If you then run teeny build, you'll end up with this:

.
├── pages
│   └── index.md
├── public
│   ├── index.html
│   └── main.js
├── static
│   └── main.js
└── templates
    ├── default.html
    └── homepage.html

index.md uses the homepage template, and together they generate index.html. As is standard with other SSGs, static files are served from public/.

You'll also notice main.js got moved to public/ too. Teeny will actually take all non-template and non-page files from pages/, templates/, and static/ and copy them to public/, following the same structure from the origin directory.

The reason for this is that I actually didn't want to have "magic" imports, where you have to import static assets from paths that do not correspond to the actual directory structure.

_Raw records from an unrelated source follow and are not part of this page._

text \<open>Right rules on the disjuncts of alpha (Box q), q in R: the rule set of Box (alpha q)
derives Box q; the conjunction phi \<and> Box (psi \<longrightarrow> alpha q) derives Box q by phi |> psi.\<close>

lemma backward_box_disjunct_right:
  assumes q: "q \<in> R" and P: "P \<in> right_rule \<Theta> D (Box (\<alpha> q))"
    and IH: "\<forall>(X, Y) \<in> P. back_translatable (X \<union> \<Gamma>0) (Y \<union> \<Delta>0)"
    and rep: "represents \<Gamma> \<Delta> R G \<Gamma>0 \<Delta>0"
  shows "cf \<Theta>' D' (\<Gamma> \<union> G) (\<Delta> \<union> Box ` R)"
proof -
  obtain rs where rs: "set rs \<subseteq> \<Theta>" "D (set (map snd rs)) {\<alpha> q}"
    and "P = {({}, {conjs (map fst rs)})}" using P by auto
  then have translatable: "back_translatable \<Gamma>0 (insert (conjs (map fst rs)) \<Delta>0)" using IH by simp
  have "boxfree (conjs (map fst rs))" by (rule boxfree_conjs_premises[OF causal rs(1)])
  then have "represents \<Gamma> (insert (conjs (map fst rs)) \<Delta>) R G \<Gamma>0 (insert (conjs (map fst rs)) \<Delta>0)"
    using rep unfolding represents_def by (auto simp: alpha_boxfree outer_boxes_boxfree)
  then have premise: "cf \<Theta>' D' (\<Gamma> \<union> G) (insert (conjs (map fst rs)) (\<Delta> \<union> Box ` R))"
    using translatable unfolding back_translatable_def by fastforce
  have "agrees q" using rep q unfolding represents_def by blast
  then have side: "D' (set (map snd rs)) {q}" using agrees_rules[of q "set rs"] rs by auto
  show ?thesis by (rule cf_box_right[where Side = D', OF _ _ side premise]) (use q rs(1) in auto)
qed

lemma backward_conj_disjunct_right:
  assumes q: "q \<in> R" and P: "P \<in> right_rule \<Theta> D (Conj \<phi> (Box (Impl \<psi> (\<alpha> q))))"
    and IH: "\<forall>(X, Y) \<in> P. back_translatable (X \<union> \<Gamma>0) (Y \<union> \<Delta>0)"
    and rep: "represents \<Gamma> \<Delta> R G \<Gamma>0 \<Delta>0"
  shows "cf \<Theta>' D' (\<Gamma> \<union> G) (\<Delta> \<union> Box ` R)"
proof -
  have translatable: "back_translatable \<Gamma>0 (insert \<phi> \<Delta>0)"
    "back_translatable \<Gamma>0 (insert (Box (Impl \<psi> (\<alpha> q))) \<Delta>0)" using P IH by auto
  have "represents \<Gamma> (insert \<phi> \<Delta>) R G \<Gamma>0 (insert \<phi> \<Delta>0)"
    using rep alpha_boxfree[OF boxfree_\<phi>] outer_boxes_boxfree[OF boxfree_\<phi>]
    unfolding represents_def by auto
  then have left: "cf \<Theta>' D' (\<Gamma> \<union> G) (insert \<phi> (\<Delta> \<union> Box ` R))"
    using translatable(1) unfolding back_translatable_def by fastforce
  have "agrees q" using rep q unfolding represents_def by blast
  moreover have "Box (Impl \<psi> (\<alpha> q)) \<in> disjuncts (Impl \<psi> q)"
    using alpha_boxfree[OF boxfree_\<psi>] unfolding disjuncts_def by simp
  ultimately have "represents \<Gamma> \<Delta> (insert (Impl \<psi> q) R) G \<Gamma>0 (insert (Box (Impl \<psi> (\<alpha> q))) \<Delta>0)"
    using rep agrees_impl unfolding represents_def by auto
  then have right: "cf \<Theta>' D' (\<Gamma> \<union> G) (insert (Box (Impl \<psi> q)) (\<Delta> \<union> Box ` R))"
    using translatable(2) unfolding back_translatable_def by fastforce
  have "cf \<Theta>' D' (\<Gamma> \<union> G) (insert (Box q) (\<Delta> \<union> Box ` R))"
    by (rule box_right_by_rule[OF causal' derivability' _ left right]) simp
  then show ?thesis using q by (simp add: insert_absorb)
qed
(* Let $G$ be a finite simple graph with at least one edge and $\beta\in\mathbb{R}$. Then $M(t)=(d(t)+d(t)^* )^2\to0$ as $|t|\to\infty$, but $M(t)\neq0$ for every finite $t\in\mathbb{R}$.
   Context: For $k\ge0$ let $\Omega_k$ be the space of complex-valued functions on the (oriented) $k$-simplices of $G$ (complete subgraphs with $k+1$ vertices), $\Omega=\bigoplus_k\Omega_k$. The exterior derivative $d_0:\Omega_k\to\Omega_{k+1}$ is $(d_0f)(x_0,\dots,x_{k+1})=\sum_{j}(-1)^jf(x_0,\dots,\hat x_j,\dots,x_{k+1})$, $D_0=d_0+d_0^*$. For a self-adjoint operator $D$ on $\Omega$ whose blocks $\Omega_k\to\Omega_j$ vanish unless $|j-k|\le1$, write $D=d+d^*+b$ with $d$ the blocks $\Omega_k\to\Omega_{k+1}$ and $b$ the block-diagonal part. The Dirac deformation with real parameter $\beta$ is the solution $D(t)$ of $D'=BD-DB$, $D(0)=D_0$, with $B(t)=d(t)-d(t)^*+i\beta b(t)$, $D(t)=d(t)+d(t)^*+b(t)$ (the solution exists for all real $t$ and keeps this form). *)

theory Defs
  imports Complex_Main
begin

text \<open>Operators on Omega are matrices indexed by simplices
(finite nonempty cliques). Each simplex is oriented by the linear order of the vertices.\<close>

type_synonym 'a op = "'a set \<Rightarrow> 'a set \<Rightarrow> complex"

definition simplices :: "'a set \<Rightarrow> ('a \<Rightarrow> 'a \<Rightarrow> bool) \<Rightarrow> 'a set set" where
  "simplices V E = {s. s \<subseteq> V \<and> s \<noteq> {} \<and> (\<forall>x\<in>s. \<forall>y\<in>s. x \<noteq> y \<longrightarrow> E x y)}"

definition sdim :: "'a set \<Rightarrow> nat" where
  "sdim s = card s - 1"

text \<open>Matrix of the exterior derivative d0 (row s in Omega_(k+1), column r in Omega_k):
 if s = r plus vertex v, the entry is (-1)^j with j the position of v in the sorted s.\<close>
definition ext_d0 :: "'a::linorder op" where
  "ext_d0 s r = (if r \<subseteq> s \<and> card s = card r + 1
                 then (-1) ^ card {w\<in>s. w < the_elem (s - r)} else 0)"

definition adj :: "'a op \<Rightarrow> 'a op" where
  "adj A x y = cnj (A y x)"

definition opmult :: "'a set set \<Rightarrow> 'a op \<Rightarrow> 'a op \<Rightarrow> 'a op" where
  "opmult S A B x y = (\<Sum>z\<in>S. A x z * B z y)"

definition opadd :: "'a op \<Rightarrow> 'a op \<Rightarrow> 'a op" where
  "opadd A B x y = A x y + B x y"

definition dirac0 :: "'a::linorder op" where
  "dirac0 = opadd ext_d0 (adj ext_d0)"

definition upper_block :: "'a op \<Rightarrow> 'a op" where
  "upper_block A x y = (if sdim x = sdim y + 1 then A x y else 0)"

definition diag_block :: "'a op \<Rightarrow> 'a op" where
  "diag_block A x y = (if sdim x = sdim y then A x y else 0)"

definition deform_B :: "real \<Rightarrow> 'a op \<Rightarrow> 'a op" where
  "deform_B \<beta> A x y =
     upper_block A x y - adj (upper_block A) x y + \<i> * complex_of_real \<beta> * diag_block A x y"

definition is_dirac_deformation ::
  "'a::linorder set \<Rightarrow> ('a \<Rightarrow> 'a \<Rightarrow> bool) \<Rightarrow> real \<Rightarrow> (real \<Rightarrow> 'a op) \<Rightarrow> bool" where
  "is_dirac_deformation V E \<beta> D \<longleftrightarrow>
     (let S = simplices V E in
      (\<forall>x\<in>S. \<forall>y\<in>S. D 0 x y = dirac0 x y) \<and>
      (\<forall>t. \<forall>x\<in>S. \<forall>y\<in>S.
         ((\<lambda>s. D s x y) has_vector_derivative
            (opmult S (deform_B \<beta> (D t)) (D t) x y - opmult S (D t) (deform_B \<beta> (D t)) x y))
         (at t)))"

definition dirac_M :: "'a set set \<Rightarrow> 'a op \<Rightarrow> 'a op" where
  "dirac_M S A = (let L = opadd (upper_block A) (adj (upper_block A)) in opmult S L L)"

end

theory Submission
  imports Defs "HOL-Analysis.Convex"
begin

As a result, I decided that static files would just live inside templates/ and pages/ as necessary.

Later I did surrender to the static/ directory approach though, as there may be assets both pages and templates want to use. Imports from static/ are "magic", meaning you need to think about the output of teeny build for them to work.

The last command that Teeny supports is teeny develop. This creates an HTTP server to server files from the public/ subdirectory.

It listens for changes to the files and updates the static files on the fly (naively, by just rebuilding everything each time it detects a change).

The final touches

Once I finished building Teeny, it took me very little time to get this blog up and running.

I slapped Pico.css on my templates, making the site instantly look 100x better (big shoutout to them, I love it), and to deploy a new version I just run:

teeny build && gh-pages -d public/

And that's all - that's how I got this blog all sorted out in about half a day.

Footnotes

[1]: This has since changed. Teeny now uses a frontmatter to specify page templates. Check out Teeny's README for more details. And shoutout to HackerNews user franciscop for the suggestion.